++++ TASK DATA
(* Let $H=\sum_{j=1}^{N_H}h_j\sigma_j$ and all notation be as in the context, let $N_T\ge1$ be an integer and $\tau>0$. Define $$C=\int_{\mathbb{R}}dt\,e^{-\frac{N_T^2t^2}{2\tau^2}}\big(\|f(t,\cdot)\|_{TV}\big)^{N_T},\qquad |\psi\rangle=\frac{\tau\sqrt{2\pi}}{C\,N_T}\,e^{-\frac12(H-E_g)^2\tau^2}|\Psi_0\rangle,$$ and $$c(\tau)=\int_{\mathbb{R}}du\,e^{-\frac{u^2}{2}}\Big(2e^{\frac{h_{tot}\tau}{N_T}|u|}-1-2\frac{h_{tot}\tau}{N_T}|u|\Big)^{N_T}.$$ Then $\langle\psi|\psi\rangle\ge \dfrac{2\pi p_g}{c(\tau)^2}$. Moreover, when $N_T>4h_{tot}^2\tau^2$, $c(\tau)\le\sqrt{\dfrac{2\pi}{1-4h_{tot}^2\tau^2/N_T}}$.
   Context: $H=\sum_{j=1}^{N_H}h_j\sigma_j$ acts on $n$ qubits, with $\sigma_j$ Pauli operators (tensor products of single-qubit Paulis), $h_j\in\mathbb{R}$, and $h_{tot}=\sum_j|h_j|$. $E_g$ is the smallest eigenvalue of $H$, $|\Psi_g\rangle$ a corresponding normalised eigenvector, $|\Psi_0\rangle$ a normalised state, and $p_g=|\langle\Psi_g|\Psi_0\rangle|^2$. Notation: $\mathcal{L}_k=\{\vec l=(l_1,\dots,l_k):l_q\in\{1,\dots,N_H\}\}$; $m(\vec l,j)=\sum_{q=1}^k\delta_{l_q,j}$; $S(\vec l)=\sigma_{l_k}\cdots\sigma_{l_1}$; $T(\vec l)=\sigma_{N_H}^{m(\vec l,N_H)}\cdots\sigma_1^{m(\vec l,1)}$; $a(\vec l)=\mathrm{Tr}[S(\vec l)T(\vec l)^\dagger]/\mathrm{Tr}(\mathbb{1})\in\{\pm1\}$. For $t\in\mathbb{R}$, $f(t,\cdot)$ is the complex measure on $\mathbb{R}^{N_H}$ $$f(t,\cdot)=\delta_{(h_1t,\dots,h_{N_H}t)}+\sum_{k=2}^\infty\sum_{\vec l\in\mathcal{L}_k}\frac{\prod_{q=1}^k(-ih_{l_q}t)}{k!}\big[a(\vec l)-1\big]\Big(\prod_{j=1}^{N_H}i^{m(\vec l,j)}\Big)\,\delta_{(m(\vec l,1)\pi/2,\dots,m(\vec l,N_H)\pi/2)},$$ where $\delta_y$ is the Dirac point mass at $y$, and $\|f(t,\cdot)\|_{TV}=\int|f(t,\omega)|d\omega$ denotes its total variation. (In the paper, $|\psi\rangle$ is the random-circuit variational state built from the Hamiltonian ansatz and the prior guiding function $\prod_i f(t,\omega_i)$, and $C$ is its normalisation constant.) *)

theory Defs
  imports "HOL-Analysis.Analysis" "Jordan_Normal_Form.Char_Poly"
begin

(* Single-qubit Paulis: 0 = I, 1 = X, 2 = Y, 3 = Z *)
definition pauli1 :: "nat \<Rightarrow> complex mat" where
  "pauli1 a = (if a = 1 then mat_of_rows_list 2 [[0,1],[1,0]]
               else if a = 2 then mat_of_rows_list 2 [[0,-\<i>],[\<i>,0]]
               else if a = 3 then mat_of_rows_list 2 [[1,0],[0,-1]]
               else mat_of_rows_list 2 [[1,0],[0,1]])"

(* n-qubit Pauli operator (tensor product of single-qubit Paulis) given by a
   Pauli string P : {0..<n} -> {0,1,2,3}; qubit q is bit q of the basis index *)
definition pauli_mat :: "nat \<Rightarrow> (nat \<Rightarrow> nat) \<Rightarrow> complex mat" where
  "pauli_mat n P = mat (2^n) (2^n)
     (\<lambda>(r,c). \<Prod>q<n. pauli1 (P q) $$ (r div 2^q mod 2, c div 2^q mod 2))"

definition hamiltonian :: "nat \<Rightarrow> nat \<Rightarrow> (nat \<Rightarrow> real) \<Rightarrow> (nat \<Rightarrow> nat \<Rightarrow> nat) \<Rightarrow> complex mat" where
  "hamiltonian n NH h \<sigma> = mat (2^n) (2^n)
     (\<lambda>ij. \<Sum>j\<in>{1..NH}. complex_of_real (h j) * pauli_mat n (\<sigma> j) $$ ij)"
++++++++
++++ TASK DATA
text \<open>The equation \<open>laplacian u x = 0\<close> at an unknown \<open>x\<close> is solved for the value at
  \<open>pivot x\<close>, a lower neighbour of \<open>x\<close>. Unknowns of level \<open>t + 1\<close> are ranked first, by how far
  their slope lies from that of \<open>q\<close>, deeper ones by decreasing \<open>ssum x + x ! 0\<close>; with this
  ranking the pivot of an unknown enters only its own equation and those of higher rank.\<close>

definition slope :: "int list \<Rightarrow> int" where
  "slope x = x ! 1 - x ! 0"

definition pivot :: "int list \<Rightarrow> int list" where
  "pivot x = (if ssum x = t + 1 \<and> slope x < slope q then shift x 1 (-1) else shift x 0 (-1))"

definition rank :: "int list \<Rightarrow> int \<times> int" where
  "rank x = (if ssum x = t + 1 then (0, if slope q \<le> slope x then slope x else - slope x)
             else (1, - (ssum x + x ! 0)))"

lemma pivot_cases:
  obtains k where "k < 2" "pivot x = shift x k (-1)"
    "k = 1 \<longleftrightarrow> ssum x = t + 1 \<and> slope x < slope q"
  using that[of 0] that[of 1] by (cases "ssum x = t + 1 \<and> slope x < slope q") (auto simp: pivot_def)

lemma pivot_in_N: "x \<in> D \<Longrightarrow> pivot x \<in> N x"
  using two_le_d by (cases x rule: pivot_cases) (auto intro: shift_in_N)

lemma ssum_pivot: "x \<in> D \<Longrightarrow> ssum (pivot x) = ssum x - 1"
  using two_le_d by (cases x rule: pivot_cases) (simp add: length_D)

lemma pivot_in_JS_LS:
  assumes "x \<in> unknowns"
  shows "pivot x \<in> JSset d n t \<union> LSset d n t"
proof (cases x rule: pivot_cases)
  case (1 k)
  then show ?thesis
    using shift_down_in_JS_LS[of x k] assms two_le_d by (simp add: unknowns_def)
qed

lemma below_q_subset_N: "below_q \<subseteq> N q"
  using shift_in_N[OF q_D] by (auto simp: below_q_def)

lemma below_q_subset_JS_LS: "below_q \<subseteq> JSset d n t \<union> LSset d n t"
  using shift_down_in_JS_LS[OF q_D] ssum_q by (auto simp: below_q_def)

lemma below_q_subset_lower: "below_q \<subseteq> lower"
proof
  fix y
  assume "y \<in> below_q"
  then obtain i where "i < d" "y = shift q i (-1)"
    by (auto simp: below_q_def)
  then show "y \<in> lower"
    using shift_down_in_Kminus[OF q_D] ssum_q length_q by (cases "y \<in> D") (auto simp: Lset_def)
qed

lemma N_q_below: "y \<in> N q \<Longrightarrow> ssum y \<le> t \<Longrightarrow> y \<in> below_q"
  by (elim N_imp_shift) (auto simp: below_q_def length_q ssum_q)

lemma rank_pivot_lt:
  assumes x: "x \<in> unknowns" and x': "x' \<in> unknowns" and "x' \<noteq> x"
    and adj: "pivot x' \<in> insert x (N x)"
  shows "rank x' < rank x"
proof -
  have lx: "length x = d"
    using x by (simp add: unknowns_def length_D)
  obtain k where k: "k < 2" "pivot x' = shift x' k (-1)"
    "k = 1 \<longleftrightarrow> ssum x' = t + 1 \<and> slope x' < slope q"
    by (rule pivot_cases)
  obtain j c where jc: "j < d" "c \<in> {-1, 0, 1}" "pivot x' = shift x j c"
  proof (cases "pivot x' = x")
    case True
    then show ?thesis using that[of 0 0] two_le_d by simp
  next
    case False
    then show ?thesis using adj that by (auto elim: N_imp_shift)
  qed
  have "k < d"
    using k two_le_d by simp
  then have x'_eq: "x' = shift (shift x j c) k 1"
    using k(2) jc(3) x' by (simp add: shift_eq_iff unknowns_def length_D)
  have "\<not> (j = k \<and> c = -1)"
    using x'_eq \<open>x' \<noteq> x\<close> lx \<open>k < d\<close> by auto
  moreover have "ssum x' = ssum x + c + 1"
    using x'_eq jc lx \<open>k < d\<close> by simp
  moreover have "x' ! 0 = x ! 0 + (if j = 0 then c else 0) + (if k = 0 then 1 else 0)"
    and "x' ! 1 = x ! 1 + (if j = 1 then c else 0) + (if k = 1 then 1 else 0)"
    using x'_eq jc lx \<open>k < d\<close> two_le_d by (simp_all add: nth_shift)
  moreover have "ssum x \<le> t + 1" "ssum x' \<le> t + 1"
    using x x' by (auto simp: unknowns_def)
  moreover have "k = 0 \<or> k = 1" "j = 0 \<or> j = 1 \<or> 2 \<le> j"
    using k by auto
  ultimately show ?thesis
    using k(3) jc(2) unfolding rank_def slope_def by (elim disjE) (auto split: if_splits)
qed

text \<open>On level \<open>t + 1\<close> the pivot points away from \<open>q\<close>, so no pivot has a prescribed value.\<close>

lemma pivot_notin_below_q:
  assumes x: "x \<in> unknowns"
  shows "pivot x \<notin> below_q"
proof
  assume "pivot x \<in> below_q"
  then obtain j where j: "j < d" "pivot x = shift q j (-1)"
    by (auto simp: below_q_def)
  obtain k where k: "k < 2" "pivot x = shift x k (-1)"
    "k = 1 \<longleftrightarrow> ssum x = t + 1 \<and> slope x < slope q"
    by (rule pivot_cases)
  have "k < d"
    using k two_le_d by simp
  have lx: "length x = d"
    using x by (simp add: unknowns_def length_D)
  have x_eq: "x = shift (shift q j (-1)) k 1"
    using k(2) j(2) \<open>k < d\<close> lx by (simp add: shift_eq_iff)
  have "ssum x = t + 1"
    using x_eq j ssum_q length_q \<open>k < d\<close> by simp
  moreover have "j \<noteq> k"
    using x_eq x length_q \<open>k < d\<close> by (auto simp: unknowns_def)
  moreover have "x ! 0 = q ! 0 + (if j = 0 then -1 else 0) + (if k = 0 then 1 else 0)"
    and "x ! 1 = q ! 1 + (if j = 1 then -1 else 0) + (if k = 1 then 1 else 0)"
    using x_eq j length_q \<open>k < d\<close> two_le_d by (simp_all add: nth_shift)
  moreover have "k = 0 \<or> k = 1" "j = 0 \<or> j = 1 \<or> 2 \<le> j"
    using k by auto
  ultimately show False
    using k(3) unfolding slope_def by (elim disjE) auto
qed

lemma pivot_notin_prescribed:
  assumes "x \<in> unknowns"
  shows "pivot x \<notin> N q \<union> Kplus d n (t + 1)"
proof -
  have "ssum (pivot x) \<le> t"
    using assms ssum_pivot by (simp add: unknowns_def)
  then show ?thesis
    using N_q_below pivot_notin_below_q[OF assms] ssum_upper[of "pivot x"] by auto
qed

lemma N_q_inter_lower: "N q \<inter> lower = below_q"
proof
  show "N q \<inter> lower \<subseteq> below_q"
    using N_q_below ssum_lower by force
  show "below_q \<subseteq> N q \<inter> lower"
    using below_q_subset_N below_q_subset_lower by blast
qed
++++++++
• **EXERCISE DETAILS**
Which lines in the records above contain the word "Paulis"? Return each of them.

• **ANSWER TO THIS PROBLEM**
   Context: $H=\sum_{j=1}^{N_H}h_j\sigma_j$ acts on $n$ qubits, with $\sigma_j$ Pauli operators (tensor products of single-qubit Paulis), $h_j\in\mathbb{R}$, and $h_{tot}=\sum_j|h_j|$. $E_g$ is the smallest eigenvalue of $H$, $|\Psi_g\rangle$ a corresponding normalised eigenvector, $|\Psi_0\rangle$ a normalised state, and $p_g=|\langle\Psi_g|\Psi_0\rangle|^2$. Notation: $\mathcal{L}_k=\{\vec l=(l_1,\dots,l_k):l_q\in\{1,\dots,N_H\}\}$; $m(\vec l,j)=\sum_{q=1}^k\delta_{l_q,j}$; $S(\vec l)=\sigma_{l_k}\cdots\sigma_{l_1}$; $T(\vec l)=\sigma_{N_H}^{m(\vec l,N_H)}\cdots\sigma_1^{m(\vec l,1)}$; $a(\vec l)=\mathrm{Tr}[S(\vec l)T(\vec l)^\dagger]/\mathrm{Tr}(\mathbb{1})\in\{\pm1\}$. For $t\in\mathbb{R}$, $f(t,\cdot)$ is the complex measure on $\mathbb{R}^{N_H}$ $$f(t,\cdot)=\delta_{(h_1t,\dots,h_{N_H}t)}+\sum_{k=2}^\infty\sum_{\vec l\in\mathcal{L}_k}\frac{\prod_{q=1}^k(-ih_{l_q}t)}{k!}\big[a(\vec l)-1\big]\Big(\prod_{j=1}^{N_H}i^{m(\vec l,j)}\Big)\,\delta_{(m(\vec l,1)\pi/2,\dots,m(\vec l,N_H)\pi/2)},$$ where $\delta_y$ is the Dirac point mass at $y$, and $\|f(t,\cdot)\|_{TV}=\int|f(t,\omega)|d\omega$ denotes its total variation. (In the paper, $|\psi\rangle$ is the random-circuit variational state built from the Hamiltonian ansatz and the prior guiding function $\prod_i f(t,\omega_i)$, and $C$ is its normalisation constant.) *)
(* Single-qubit Paulis: 0 = I, 1 = X, 2 = Y, 3 = Z *)
(* n-qubit Pauli operator (tensor product of single-qubit Paulis) given by a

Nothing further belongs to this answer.